**Dataset entries**
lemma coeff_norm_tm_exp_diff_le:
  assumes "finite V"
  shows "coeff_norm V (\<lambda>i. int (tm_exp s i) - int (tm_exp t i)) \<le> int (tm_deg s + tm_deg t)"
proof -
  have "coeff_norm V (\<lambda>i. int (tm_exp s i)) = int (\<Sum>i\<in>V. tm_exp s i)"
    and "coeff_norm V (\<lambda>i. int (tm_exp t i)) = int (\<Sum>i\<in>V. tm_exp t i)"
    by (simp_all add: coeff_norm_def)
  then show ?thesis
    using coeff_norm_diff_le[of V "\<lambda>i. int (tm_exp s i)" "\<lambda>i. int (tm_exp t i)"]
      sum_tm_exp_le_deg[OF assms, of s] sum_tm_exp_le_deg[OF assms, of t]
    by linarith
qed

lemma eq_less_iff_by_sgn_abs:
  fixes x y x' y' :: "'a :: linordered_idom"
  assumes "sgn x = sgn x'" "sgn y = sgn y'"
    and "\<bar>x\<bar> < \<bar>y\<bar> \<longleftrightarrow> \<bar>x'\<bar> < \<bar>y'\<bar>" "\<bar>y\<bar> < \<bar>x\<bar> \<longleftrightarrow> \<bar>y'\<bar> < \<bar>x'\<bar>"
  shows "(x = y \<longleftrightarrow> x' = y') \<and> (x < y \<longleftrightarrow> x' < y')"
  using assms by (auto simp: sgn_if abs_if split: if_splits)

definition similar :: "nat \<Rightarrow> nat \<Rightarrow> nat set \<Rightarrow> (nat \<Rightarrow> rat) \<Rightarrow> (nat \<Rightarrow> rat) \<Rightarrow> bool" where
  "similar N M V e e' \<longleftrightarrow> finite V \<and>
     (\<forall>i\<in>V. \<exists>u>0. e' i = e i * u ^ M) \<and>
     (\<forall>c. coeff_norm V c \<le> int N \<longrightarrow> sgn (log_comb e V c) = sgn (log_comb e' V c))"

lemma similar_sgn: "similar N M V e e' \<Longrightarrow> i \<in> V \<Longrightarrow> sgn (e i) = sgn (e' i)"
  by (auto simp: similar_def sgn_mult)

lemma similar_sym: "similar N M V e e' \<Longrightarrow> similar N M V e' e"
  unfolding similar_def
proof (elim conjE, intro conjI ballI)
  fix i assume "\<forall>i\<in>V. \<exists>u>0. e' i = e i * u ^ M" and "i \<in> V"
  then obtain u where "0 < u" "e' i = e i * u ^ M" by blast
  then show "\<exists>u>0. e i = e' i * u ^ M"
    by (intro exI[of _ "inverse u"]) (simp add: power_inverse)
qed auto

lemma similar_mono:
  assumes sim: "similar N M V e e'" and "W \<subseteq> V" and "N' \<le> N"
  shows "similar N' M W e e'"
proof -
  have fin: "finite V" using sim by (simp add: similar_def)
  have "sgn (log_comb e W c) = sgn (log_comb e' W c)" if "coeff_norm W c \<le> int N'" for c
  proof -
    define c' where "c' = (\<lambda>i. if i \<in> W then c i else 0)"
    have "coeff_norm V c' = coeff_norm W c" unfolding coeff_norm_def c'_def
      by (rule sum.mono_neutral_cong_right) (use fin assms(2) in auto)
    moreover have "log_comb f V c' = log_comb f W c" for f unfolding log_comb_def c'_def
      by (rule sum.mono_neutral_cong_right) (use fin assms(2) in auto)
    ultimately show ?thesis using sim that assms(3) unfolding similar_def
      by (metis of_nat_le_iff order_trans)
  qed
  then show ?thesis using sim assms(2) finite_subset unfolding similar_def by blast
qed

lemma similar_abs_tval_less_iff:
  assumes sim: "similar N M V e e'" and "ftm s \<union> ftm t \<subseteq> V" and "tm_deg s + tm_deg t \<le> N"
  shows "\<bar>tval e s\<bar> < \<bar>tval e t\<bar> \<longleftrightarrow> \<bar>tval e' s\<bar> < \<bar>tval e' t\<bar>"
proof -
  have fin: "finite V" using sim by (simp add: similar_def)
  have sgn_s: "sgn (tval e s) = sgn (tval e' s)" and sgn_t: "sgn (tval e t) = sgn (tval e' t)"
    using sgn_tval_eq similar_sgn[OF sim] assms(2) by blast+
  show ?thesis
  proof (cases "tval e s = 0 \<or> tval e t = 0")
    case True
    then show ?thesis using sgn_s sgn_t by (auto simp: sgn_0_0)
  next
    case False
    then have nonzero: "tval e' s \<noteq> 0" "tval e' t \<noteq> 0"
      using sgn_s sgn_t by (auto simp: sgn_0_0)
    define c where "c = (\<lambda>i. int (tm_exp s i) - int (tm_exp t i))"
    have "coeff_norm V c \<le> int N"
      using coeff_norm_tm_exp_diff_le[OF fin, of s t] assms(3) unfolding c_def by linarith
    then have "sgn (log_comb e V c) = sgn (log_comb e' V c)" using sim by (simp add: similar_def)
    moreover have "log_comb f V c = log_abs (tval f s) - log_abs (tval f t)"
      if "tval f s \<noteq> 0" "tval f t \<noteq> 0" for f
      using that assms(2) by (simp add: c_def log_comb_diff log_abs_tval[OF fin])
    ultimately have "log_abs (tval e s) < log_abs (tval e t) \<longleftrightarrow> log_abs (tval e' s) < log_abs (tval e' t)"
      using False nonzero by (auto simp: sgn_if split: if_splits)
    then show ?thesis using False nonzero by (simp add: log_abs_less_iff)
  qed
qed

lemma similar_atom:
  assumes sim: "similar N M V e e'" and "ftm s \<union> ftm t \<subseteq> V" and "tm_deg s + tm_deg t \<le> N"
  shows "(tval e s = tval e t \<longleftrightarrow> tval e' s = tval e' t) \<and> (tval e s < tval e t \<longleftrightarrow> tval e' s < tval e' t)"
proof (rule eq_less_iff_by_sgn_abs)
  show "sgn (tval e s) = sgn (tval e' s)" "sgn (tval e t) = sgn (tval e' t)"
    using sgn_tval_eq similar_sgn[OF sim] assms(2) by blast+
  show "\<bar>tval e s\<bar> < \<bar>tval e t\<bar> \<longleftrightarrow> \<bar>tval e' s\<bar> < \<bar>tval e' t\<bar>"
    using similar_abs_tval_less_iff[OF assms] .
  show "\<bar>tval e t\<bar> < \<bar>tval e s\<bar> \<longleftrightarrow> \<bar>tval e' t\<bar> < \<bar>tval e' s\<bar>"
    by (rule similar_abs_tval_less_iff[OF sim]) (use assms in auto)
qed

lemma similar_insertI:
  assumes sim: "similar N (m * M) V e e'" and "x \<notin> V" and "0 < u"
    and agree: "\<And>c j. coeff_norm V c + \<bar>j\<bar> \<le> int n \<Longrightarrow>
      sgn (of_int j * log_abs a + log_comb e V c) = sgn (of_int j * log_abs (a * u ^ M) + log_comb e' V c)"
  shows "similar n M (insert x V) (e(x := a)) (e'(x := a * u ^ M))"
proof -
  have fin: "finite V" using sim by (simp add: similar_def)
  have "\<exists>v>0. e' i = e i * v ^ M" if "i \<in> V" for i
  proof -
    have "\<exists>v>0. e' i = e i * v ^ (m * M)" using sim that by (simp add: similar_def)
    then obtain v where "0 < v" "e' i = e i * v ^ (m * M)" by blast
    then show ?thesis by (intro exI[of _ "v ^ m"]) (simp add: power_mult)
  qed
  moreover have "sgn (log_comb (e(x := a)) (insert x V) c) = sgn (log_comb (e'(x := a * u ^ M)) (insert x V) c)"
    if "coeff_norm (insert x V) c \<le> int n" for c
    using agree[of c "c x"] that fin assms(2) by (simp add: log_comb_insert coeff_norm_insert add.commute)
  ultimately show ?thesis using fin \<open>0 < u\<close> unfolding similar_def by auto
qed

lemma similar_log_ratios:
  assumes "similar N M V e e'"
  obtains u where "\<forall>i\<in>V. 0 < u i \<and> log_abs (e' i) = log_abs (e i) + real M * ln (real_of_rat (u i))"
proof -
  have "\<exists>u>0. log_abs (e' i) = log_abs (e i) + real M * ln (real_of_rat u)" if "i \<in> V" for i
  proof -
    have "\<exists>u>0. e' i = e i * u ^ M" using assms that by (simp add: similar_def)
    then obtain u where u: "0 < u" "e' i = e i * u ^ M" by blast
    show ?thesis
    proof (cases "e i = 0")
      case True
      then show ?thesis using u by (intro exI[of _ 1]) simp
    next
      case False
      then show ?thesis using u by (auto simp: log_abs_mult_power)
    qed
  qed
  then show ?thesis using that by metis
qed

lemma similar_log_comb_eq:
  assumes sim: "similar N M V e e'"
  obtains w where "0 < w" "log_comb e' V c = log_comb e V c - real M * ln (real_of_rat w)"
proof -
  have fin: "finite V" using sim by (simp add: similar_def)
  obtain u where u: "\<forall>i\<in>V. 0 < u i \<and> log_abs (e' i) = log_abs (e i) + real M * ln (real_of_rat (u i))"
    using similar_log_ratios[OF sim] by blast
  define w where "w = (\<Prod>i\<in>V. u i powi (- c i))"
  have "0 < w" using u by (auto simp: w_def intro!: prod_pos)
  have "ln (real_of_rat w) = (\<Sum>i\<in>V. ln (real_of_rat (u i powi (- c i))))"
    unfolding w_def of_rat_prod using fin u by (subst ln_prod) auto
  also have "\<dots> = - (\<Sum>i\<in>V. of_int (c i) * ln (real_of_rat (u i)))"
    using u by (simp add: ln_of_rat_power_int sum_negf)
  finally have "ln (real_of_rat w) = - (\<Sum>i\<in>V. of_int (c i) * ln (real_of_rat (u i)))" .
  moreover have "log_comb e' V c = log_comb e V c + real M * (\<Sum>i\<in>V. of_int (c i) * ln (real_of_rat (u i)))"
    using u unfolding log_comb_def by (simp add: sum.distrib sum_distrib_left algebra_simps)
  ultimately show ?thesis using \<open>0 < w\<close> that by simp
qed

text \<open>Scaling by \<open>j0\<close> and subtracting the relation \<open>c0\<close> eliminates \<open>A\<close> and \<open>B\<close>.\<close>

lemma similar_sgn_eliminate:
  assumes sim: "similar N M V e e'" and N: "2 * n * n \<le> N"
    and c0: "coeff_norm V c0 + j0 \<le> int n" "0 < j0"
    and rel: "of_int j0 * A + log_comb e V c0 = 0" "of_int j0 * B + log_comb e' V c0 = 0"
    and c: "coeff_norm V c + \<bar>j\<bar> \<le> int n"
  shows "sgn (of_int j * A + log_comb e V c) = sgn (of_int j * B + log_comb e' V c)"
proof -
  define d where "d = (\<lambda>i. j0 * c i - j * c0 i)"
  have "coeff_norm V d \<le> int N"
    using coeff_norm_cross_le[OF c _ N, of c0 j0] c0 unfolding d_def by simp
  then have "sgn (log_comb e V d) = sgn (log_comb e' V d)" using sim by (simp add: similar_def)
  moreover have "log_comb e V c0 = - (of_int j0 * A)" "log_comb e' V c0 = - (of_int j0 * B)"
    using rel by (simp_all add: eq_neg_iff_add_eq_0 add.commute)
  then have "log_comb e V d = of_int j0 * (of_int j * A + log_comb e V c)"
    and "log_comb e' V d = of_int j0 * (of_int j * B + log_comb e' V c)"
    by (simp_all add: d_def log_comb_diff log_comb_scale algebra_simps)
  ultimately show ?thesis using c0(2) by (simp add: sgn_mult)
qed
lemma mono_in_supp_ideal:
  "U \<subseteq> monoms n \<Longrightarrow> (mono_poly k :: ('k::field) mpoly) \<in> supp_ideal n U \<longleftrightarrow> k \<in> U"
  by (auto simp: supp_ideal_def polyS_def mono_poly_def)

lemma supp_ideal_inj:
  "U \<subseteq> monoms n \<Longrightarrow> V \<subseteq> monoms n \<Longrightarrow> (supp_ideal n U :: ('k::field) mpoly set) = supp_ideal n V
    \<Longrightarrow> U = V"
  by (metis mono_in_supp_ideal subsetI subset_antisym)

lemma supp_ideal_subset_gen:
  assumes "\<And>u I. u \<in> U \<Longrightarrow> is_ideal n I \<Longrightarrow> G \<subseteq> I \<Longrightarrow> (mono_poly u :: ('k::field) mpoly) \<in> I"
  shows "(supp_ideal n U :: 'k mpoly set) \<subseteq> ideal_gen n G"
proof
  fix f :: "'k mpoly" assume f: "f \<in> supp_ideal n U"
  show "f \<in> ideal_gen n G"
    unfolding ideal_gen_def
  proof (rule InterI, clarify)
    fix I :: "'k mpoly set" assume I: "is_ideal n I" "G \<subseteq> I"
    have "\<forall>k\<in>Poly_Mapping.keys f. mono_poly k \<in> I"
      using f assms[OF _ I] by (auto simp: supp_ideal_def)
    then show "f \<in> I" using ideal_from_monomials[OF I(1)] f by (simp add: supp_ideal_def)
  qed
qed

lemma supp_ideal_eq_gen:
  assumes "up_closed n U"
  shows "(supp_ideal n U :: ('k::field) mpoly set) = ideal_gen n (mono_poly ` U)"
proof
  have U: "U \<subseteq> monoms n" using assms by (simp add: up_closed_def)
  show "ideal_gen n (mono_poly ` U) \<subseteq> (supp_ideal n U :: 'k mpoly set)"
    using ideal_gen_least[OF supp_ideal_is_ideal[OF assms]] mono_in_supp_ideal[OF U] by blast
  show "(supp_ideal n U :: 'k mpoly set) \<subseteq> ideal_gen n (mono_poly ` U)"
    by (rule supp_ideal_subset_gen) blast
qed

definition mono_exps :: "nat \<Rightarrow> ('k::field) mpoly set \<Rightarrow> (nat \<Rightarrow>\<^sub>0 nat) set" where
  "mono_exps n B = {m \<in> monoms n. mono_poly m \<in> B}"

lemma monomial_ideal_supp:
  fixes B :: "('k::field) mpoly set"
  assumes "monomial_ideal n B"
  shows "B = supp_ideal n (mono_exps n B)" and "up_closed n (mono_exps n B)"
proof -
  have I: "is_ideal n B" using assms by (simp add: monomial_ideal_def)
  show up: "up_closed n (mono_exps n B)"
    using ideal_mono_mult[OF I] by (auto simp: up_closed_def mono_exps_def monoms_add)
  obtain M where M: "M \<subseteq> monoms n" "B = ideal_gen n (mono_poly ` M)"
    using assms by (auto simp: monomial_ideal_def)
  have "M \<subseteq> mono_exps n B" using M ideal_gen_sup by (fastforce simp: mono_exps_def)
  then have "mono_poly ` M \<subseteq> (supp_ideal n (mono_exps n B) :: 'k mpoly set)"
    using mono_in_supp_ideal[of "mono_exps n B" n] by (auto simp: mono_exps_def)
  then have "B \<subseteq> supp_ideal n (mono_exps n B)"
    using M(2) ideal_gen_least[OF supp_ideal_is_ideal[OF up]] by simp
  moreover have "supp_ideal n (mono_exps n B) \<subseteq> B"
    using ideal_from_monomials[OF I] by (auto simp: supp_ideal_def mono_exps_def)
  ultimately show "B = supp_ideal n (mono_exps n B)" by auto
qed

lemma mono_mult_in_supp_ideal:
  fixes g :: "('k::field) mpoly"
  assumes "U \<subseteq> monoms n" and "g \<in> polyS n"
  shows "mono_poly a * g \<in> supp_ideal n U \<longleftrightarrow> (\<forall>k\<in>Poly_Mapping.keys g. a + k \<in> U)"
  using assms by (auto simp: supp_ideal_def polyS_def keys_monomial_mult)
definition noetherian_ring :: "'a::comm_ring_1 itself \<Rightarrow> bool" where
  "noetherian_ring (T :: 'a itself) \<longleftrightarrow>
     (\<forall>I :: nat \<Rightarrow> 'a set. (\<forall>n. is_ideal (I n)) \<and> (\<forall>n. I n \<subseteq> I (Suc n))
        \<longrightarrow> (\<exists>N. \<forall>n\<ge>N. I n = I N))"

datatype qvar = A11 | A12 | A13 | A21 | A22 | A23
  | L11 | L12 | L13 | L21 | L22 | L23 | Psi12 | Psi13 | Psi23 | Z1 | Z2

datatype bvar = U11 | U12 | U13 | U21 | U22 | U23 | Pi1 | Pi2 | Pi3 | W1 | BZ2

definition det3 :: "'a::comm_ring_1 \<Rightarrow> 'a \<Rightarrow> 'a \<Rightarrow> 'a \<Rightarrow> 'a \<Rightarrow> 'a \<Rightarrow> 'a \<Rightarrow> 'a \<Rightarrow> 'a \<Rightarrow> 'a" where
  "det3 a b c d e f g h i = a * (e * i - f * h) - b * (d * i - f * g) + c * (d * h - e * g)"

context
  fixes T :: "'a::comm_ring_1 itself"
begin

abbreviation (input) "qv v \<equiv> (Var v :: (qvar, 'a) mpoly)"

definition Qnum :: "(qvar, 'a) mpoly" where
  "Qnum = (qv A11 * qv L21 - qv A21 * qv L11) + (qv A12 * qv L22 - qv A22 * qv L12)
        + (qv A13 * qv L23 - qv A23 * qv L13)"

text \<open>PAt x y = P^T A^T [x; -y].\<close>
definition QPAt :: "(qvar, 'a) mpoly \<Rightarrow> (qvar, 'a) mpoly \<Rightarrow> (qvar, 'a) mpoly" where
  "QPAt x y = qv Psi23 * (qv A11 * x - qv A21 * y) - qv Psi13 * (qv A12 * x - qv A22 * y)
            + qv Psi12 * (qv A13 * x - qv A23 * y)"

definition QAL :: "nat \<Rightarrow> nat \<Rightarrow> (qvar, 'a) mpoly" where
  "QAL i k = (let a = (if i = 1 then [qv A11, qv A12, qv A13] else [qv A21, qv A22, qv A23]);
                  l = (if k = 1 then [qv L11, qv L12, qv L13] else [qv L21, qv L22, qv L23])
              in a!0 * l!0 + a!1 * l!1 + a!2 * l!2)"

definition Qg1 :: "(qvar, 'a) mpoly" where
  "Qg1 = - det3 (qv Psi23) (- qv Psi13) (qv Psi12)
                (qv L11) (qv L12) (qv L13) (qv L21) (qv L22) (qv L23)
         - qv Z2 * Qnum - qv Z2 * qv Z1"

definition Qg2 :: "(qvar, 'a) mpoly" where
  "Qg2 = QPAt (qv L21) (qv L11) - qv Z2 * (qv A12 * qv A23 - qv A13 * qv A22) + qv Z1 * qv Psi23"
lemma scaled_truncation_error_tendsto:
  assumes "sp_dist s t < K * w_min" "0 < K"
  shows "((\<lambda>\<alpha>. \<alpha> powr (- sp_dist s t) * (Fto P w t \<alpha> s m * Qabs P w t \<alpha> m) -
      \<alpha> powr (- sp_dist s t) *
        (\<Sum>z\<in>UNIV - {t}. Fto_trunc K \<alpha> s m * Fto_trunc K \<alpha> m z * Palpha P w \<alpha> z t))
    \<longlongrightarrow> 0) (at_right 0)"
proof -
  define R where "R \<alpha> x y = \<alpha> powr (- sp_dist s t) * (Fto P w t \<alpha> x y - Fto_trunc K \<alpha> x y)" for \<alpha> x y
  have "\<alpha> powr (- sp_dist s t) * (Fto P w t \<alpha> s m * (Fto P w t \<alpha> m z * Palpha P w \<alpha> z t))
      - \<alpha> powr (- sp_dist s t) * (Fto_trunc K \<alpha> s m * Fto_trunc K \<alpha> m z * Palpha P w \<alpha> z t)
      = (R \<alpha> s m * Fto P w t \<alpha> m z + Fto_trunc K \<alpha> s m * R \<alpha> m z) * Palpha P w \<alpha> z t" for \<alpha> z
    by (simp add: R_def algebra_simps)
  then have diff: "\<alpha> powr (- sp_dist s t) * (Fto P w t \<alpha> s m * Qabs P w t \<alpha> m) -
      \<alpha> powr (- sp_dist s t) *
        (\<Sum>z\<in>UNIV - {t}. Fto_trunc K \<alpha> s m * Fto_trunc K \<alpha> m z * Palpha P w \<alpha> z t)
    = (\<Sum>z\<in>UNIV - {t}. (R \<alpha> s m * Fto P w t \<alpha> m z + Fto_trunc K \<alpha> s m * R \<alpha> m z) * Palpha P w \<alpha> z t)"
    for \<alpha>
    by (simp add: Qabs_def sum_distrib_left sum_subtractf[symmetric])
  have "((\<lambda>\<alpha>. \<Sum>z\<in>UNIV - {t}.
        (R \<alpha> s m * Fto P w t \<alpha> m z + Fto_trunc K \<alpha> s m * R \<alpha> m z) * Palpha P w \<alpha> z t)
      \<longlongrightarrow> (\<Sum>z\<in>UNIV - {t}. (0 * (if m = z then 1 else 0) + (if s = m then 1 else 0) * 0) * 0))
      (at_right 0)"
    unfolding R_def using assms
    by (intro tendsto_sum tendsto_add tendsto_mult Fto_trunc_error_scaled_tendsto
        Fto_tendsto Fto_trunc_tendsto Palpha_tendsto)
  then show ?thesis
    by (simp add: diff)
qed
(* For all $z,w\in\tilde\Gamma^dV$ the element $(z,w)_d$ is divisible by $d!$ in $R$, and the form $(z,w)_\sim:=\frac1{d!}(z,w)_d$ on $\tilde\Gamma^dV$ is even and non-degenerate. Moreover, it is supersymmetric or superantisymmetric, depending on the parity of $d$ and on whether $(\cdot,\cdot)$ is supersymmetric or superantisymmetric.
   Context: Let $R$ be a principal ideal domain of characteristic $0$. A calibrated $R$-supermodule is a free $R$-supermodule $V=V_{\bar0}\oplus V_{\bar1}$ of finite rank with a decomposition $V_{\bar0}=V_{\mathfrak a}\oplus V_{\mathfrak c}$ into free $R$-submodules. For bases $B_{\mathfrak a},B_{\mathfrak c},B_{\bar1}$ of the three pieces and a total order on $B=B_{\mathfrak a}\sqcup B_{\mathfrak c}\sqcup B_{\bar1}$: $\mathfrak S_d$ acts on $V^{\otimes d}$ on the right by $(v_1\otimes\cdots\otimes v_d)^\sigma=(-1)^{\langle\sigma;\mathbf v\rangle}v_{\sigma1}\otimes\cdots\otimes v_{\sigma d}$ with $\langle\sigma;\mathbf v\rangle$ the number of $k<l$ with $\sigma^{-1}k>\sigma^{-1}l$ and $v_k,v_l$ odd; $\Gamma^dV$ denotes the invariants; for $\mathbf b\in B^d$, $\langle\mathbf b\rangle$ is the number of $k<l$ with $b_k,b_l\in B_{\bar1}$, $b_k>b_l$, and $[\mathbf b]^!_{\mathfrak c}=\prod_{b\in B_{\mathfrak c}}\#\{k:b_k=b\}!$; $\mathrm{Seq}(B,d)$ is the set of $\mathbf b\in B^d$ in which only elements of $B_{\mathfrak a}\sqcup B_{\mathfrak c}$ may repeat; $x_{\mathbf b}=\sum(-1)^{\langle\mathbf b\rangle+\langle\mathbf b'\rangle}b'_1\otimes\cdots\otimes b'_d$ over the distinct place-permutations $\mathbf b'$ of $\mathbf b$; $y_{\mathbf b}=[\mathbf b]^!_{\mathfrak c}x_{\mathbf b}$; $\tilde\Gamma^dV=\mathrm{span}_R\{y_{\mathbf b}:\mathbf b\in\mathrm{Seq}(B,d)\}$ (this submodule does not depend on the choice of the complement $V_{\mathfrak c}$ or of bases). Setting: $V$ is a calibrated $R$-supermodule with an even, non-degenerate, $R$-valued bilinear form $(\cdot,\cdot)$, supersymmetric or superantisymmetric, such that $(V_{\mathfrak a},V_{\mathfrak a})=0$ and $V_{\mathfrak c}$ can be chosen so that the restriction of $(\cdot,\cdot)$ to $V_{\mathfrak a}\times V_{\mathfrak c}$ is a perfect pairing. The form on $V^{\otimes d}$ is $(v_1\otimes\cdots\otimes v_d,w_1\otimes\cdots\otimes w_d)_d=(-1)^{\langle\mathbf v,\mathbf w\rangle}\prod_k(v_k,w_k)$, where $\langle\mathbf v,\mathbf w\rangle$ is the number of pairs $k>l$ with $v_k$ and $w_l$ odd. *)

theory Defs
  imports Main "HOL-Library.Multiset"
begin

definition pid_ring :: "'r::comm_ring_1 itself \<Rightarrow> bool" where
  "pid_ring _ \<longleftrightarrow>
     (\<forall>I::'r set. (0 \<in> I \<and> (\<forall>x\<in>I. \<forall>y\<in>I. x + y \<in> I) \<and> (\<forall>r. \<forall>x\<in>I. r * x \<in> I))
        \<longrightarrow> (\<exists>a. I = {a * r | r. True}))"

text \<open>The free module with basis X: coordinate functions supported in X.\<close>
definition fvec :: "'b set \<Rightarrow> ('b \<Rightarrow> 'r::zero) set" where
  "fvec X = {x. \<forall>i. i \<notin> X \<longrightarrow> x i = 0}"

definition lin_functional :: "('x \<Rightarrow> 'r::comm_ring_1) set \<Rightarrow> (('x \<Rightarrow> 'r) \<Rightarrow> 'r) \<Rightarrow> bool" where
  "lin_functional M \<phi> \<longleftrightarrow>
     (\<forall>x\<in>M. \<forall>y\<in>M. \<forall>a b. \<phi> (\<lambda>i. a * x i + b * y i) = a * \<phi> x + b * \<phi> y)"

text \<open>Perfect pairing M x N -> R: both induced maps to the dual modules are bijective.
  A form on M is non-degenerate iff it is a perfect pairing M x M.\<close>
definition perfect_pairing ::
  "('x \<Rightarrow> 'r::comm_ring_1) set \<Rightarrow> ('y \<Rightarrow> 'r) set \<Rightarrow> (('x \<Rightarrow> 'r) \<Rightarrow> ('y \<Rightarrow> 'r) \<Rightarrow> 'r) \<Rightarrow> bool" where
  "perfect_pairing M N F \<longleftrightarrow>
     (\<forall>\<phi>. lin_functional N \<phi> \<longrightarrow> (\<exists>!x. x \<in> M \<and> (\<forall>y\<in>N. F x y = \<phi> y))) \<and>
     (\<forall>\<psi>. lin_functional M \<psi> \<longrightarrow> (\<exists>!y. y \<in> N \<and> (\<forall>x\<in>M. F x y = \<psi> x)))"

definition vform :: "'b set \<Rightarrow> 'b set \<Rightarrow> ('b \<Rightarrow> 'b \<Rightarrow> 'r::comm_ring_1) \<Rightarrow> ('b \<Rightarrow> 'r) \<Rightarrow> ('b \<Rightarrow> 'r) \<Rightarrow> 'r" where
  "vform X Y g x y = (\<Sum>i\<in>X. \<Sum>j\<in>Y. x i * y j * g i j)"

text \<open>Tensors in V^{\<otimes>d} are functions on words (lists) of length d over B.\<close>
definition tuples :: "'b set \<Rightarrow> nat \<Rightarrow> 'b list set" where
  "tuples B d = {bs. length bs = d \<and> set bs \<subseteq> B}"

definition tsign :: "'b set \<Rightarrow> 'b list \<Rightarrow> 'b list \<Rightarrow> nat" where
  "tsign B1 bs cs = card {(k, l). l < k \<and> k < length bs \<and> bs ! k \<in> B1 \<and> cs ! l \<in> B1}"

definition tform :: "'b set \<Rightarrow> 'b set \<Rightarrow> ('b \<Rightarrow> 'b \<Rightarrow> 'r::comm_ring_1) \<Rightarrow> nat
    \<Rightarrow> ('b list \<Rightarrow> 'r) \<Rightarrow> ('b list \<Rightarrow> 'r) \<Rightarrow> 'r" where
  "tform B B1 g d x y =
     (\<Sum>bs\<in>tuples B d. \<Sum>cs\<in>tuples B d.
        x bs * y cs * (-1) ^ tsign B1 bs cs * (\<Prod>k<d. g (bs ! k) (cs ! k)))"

**Exercise goal**
Lines containing the string "tsign" are the ones to copy from the entries above.

**Answer to this exercise**
definition tsign :: "'b set \<Rightarrow> 'b list \<Rightarrow> 'b list \<Rightarrow> nat" where
  "tsign B1 bs cs = card {(k, l). l < k \<and> k < length bs \<and> bs ! k \<in> B1 \<and> cs ! l \<in> B1}"
        x bs * y cs * (-1) ^ tsign B1 bs cs * (\<Prod>k<d. g (bs ! k) (cs ! k)))"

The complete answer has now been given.